Beginning with the first line of the entries below, quote each line until you reach and include the line with "using assms unfolding usc_def".

▸ **Excerpts from a dataset**:
>>>

lemma usc_lsc_imp_continuous:
  fixes u :: "'a::metric_space \<Rightarrow> real"
  assumes "usc u" "lsc u"
  shows "continuous_on UNIV u"
proof (rule continuous_at_imp_continuous_on, intro ballI)
  fix x :: 'a
  show "isCont u x"
    unfolding isCont_def tendsto_iff
  proof (intro allI impI)
    fix e :: real assume "0 < e"
    then have "\<forall>\<^sub>F y in at x. u y < u x + e" "\<forall>\<^sub>F y in at x. u x - e < u y"
      using assms unfolding usc_def lsc_def by blast+
    then show "\<forall>\<^sub>F y in at x. dist (u y) (u x) < e"
      by eventually_elim (simp add: dist_real_def abs_less_iff)
  qed
qed

lemma holder_seminorm_le_ereal:
  fixes f :: "'a::metric_space \<Rightarrow> real"
  assumes "\<And>x y. x \<in> A \<Longrightarrow> y \<in> A \<Longrightarrow> \<bar>f x - f y\<bar> \<le> L * dist x y powr \<gamma>"
  shows "holder_seminorm f A \<gamma> \<le> ereal L"
  unfolding holder_seminorm_def
proof (rule SUP_least, clarify)
  fix x y assume "x \<in> A" "y \<in> A" "x \<noteq> y"
  then show "ereal (\<bar>f (fst (x, y)) - f (snd (x, y))\<bar> / dist (fst (x, y)) (snd (x, y)) powr \<gamma>) \<le> ereal L"
    using assms[of x y] by (simp add: divide_le_eq)
qed

lemma holder_seminorm_bound:
  fixes f :: "'a::metric_space \<Rightarrow> real"
  assumes "holder_seminorm f A \<gamma> \<le> ereal L" "x \<in> A" "y \<in> A"
  shows "\<bar>f x - f y\<bar> \<le> L * dist x y powr \<gamma>"
proof (cases "x = y")
  case False
  have "ereal (\<bar>f x - f y\<bar> / dist x y powr \<gamma>) \<le> holder_seminorm f A \<gamma>"
    unfolding holder_seminorm_def by (rule SUP_upper2[of "(x, y)"]) (use assms False in auto)
  then have "ereal (\<bar>f x - f y\<bar> / dist x y powr \<gamma>) \<le> ereal L"
    using assms(1) by (rule order_trans)
  then have "\<bar>f x - f y\<bar> / dist x y powr \<gamma> \<le> L"
    by simp
  then show ?thesis
    using False by (simp add: divide_le_eq)
qed simp

lemma holder_seminorm_nonneg:
  fixes f :: "'a::metric_space \<Rightarrow> real"
  assumes "x \<in> A" "y \<in> A" "x \<noteq> y"
  shows "0 \<le> holder_seminorm f A \<gamma>"
  unfolding holder_seminorm_def by (rule SUP_upper2[of "(x, y)"]) (use assms in auto)

lemma infinite_compl_bounded:
  fixes \<Omega> :: "'a::euclidean_space set"
  assumes "bounded \<Omega>"
  shows "infinite (- \<Omega>)"
  using assms not_bounded_UNIV finite_imp_bounded bounded_Un by (metis Compl_partition)

lemma holder_seminorm_compl_bounded_eq_ereal:
  fixes f :: "'a::euclidean_space \<Rightarrow> real"
  assumes "bounded \<Omega>" "holder f (- \<Omega>) \<gamma>"
  obtains L where "holder_seminorm f (- \<Omega>) \<gamma> = ereal L" "0 \<le> L"
proof -
  have inf: "infinite (- \<Omega>)"
    using infinite_compl_bounded[OF assms(1)] .
  then obtain z1 where z1: "z1 \<in> - \<Omega>"
    using infinite_imp_nonempty by blast
  have "infinite (- \<Omega> - {z1})"
    using inf by simp
  then obtain z2 where z2: "z2 \<in> - \<Omega> - {z1}"
    using infinite_imp_nonempty by blast
  have "0 \<le> holder_seminorm f (- \<Omega>) \<gamma>"
    using z1 z2 by (intro holder_seminorm_nonneg[of z1 _ z2]) auto
  moreover have "holder_seminorm f (- \<Omega>) \<gamma> < \<infinity>"
    using assms(2) unfolding holder_def .
  ultimately show thesis
    using that by (cases "holder_seminorm f (- \<Omega>) \<gamma>") auto
qed

lemma viscosity_solution_continuous:
  fixes u :: "'a::euclidean_space \<Rightarrow> real"
  assumes "viscosity_solution s u \<Omega>" "\<Omega> \<noteq> {}"
  shows "continuous_on UNIV u"
  using assms usc_lsc_imp_continuous
  unfolding viscosity_solution_def viscosity_subsolution_at_def viscosity_supersolution_at_def by blast

theorem corollary3p8:
  fixes s :: real and \<Omega> :: "'a::euclidean_space set" and u f :: "'a \<Rightarrow> real"
  assumes "1/2 < s" "s < 1"
    and "bounded \<Omega>" "open \<Omega>"
    and "viscosity_solution s u \<Omega>"
    and "\<forall>x. x \<notin> \<Omega> \<longrightarrow> u x = f x"
    and "holder f (- \<Omega>) (2 * s - 1)"
  shows "holder u UNIV (2 * s - 1) \<and>
         holder_seminorm u UNIV (2 * s - 1) \<le> holder_seminorm f (- \<Omega>) (2 * s - 1)"
proof (cases "\<Omega> = {}")
  case True
  then have "u = f" using assms(6) by auto
  then show ?thesis using assms(7) True by simp
next
  case False
  obtain L where L: "holder_seminorm f (- \<Omega>) (2 * s - 1) = ereal L" "0 \<le> L"
    using holder_seminorm_compl_bounded_eq_ereal[OF assms(3,7)] .
  have "\<bar>u x - u y\<bar> \<le> L * dist x y powr (2 * s - 1)" for x y
  proof (rule viscosity_solution_holder_estimate[OF assms(1-3,5) viscosity_solution_continuous[OF assms(5) False] L(2)])
    fix x y assume "x \<notin> \<Omega>" "y \<notin> \<Omega>"
    then show "\<bar>u x - u y\<bar> \<le> L * dist x y powr (2 * s - 1)"
      using holder_seminorm_bound[of f "- \<Omega>" "2 * s - 1" L x y] L(1) assms(6) by simp
  qed
  then have le: "holder_seminorm u UNIV (2 * s - 1) \<le> holder_seminorm f (- \<Omega>) (2 * s - 1)"
    unfolding L(1) by (rule holder_seminorm_le_ereal)
  also have "\<dots> < \<infinity>"
    using assms(7) unfolding holder_def .
  finally show ?thesis
    unfolding holder_def using le by (intro conjI)
qed

end
text \<open>The oriented TAR edges \<open>(a, b)\<close> and \<open>(c, d)\<close> are opposite sides of the
  4-cycle \<open>a b d c\<close>.\<close>
definition square_opposite ::
    "'a set \<Rightarrow> 'a set set \<Rightarrow> (('a set \<times> 'a set) \<times> ('a set \<times> 'a set)) set" where
  "square_opposite V E = {((a, b), (c, d)). tar_adj V E a b \<and> tar_adj V E b d \<and>
     tar_adj V E d c \<and> tar_adj V E c a \<and> a \<noteq> d \<and> b \<noteq> c}"

lemma square_opposite_flip_elem_eq:
  assumes "((a, b), (c, d)) \<in> square_opposite V E"
  shows "flip_elem a b = flip_elem c d"
proof -
  have "tar_adj V E a b" "tar_adj V E b d" "tar_adj V E d c" "tar_adj V E c a" "a \<noteq> d" "b \<noteq> c"
    using assms unfolding square_opposite_def by simp_all
  then have "flip_elem a b = flip_elem d c"
    by (intro sym_diff_four_cycle_opposite_eq[OF sym_diff_eq_flip_elem sym_diff_eq_flip_elem
          sym_diff_eq_flip_elem sym_diff_eq_flip_elem])
  then show ?thesis by (simp add: flip_elem_sym)
qed

lemma rtrancl_square_opposite_flip_elem_eq:
  "(p, q) \<in> (square_opposite V E)\<^sup>* \<Longrightarrow> case_prod flip_elem p = case_prod flip_elem q"
proof (induction rule: rtrancl_induct)
  case (step q r)
  then show ?case by (cases q, cases r) (auto dest: square_opposite_flip_elem_eq)
qed simp

lemma square_opposite_insert:
  assumes "S \<in> vertex_covers V E" "x \<in> V" "y \<in> V" "x \<notin> S" "y \<notin> S" "x \<noteq> y"
  shows "((S, insert x S), (insert y S, insert x (insert y S))) \<in> square_opposite V E"
proof -
  have "S \<subseteq> V" using assms(1) by (rule vertex_covers_subset)
  then have covers: "insert x S \<in> vertex_covers V E" "insert y S \<in> vertex_covers V E"
      "insert x (insert y S) \<in> vertex_covers V E"
    using assms(1-3) by (auto intro: vertex_covers_mono)
  have xy: "insert y (insert x S) = insert x (insert y S)" by (rule insert_commute)
  have "tar_adj V E S (insert x S)" "tar_adj V E S (insert y S)"
      "tar_adj V E (insert x S) (insert x (insert y S))"
      "tar_adj V E (insert y S) (insert x (insert y S))"
    using tar_adj_insert(1)[of S V E x] tar_adj_insert(1)[of S V E y]
      tar_adj_insert(1)[of "insert x S" V E y] tar_adj_insert(1)[of "insert y S" V E x]
      covers assms(1,4-6) unfolding xy by simp_all
  then show ?thesis
    unfolding square_opposite_def using assms(4-6) by (auto intro: tar_adj_sym)
qed

text \<open>Add the vertices missing from \<open>insert x S\<close> one at a time; each step crosses a square.\<close>
lemma rtrancl_square_opposite_carrier:
  assumes "simple_graph V E"
  shows "S \<in> vertex_covers V E \<Longrightarrow> x \<in> V \<Longrightarrow> x \<notin> S \<Longrightarrow>
    ((S, insert x S), (V - {x}, V)) \<in> (square_opposite V E)\<^sup>*"
proof (induction "card (V - insert x S)" arbitrary: S rule: less_induct)
  case less
  have "S \<subseteq> V" using less.prems(1) by (rule vertex_covers_subset)
  show ?case
  proof (cases "V - insert x S = {}")
    case True
    with \<open>S \<subseteq> V\<close> less.prems(2,3) have "S = V - {x}" "insert x S = V" by auto
    then show ?thesis by simp
  next
    case False
    then obtain y where y: "y \<in> V" "y \<noteq> x" "y \<notin> S" by blast
    have "insert y S \<in> vertex_covers V E"
      using less.prems(1) \<open>S \<subseteq> V\<close> y(1) by (auto intro: vertex_covers_mono)
    moreover have "card (V - insert x (insert y S)) < card (V - insert x S)"
      using y assms unfolding simple_graph_def by (intro psubset_card_mono) auto
    ultimately have "((insert y S, insert x (insert y S)), (V - {x}, V)) \<in> (square_opposite V E)\<^sup>*"
      using less.hyps less.prems(2,3) y(2) by simp
    with square_opposite_insert[of S V E x y] less.prems y show ?thesis
      by (blast intro: converse_rtrancl_into_rtrancl)
  qed
qed

definition induced_vertex_map :: "'a set \<Rightarrow> ('a set \<Rightarrow> 'b set) \<Rightarrow> 'a \<Rightarrow> 'b" where
  "induced_vertex_map V \<phi> x = flip_elem (\<phi> (V - {x})) (\<phi> V)"

locale vc_tar_iso =
  fixes V :: "'a set" and E :: "'a set set" and V' :: "'b set" and E' :: "'b set set"
    and \<phi> :: "'a set \<Rightarrow> 'b set"
  assumes graph: "simple_graph V E"
    and bij: "bij_betw \<phi> (vertex_covers V E) (vertex_covers V' E')"
    and tar_adj_image_iff: "\<And>S T. S \<in> vertex_covers V E \<Longrightarrow> T \<in> vertex_covers V E \<Longrightarrow>
      tar_adj V' E' (\<phi> S) (\<phi> T) \<longleftrightarrow> tar_adj V E S T"
begin

lemma tar_adj_image: "tar_adj V E S T \<Longrightarrow> tar_adj V' E' (\<phi> S) (\<phi> T)"
  using tar_adj_image_iff unfolding tar_adj_def by blast

lemma square_opposite_image:
  assumes "((a, b), (c, d)) \<in> square_opposite V E"
  shows "((\<phi> a, \<phi> b), (\<phi> c, \<phi> d)) \<in> square_opposite V' E'"
proof -
  have adj: "tar_adj V E a b" "tar_adj V E b d" "tar_adj V E d c" "tar_adj V E c a"
    and "a \<noteq> d" "b \<noteq> c"
    using assms unfolding square_opposite_def by simp_all
  moreover have "inj_on \<phi> (vertex_covers V E)" using bij by (rule bij_betw_imp_inj_on)
  ultimately have "\<phi> a \<noteq> \<phi> d" "\<phi> b \<noteq> \<phi> c"
    using adj unfolding tar_adj_def by (auto dest: inj_onD)
  then show ?thesis unfolding square_opposite_def using adj by (simp add: tar_adj_image)
qed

<<<

▸ **Solution to the exercise**:
lemma usc_lsc_imp_continuous:
  fixes u :: "'a::metric_space \<Rightarrow> real"
  assumes "usc u" "lsc u"
  shows "continuous_on UNIV u"
proof (rule continuous_at_imp_continuous_on, intro ballI)
  fix x :: 'a
  show "isCont u x"
    unfolding isCont_def tendsto_iff
  proof (intro allI impI)
    fix e :: real assume "0 < e"
    then have "\<forall>\<^sub>F y in at x. u y < u x + e" "\<forall>\<^sub>F y in at x. u x - e < u y"
      using assms unfolding usc_def lsc_def by blast+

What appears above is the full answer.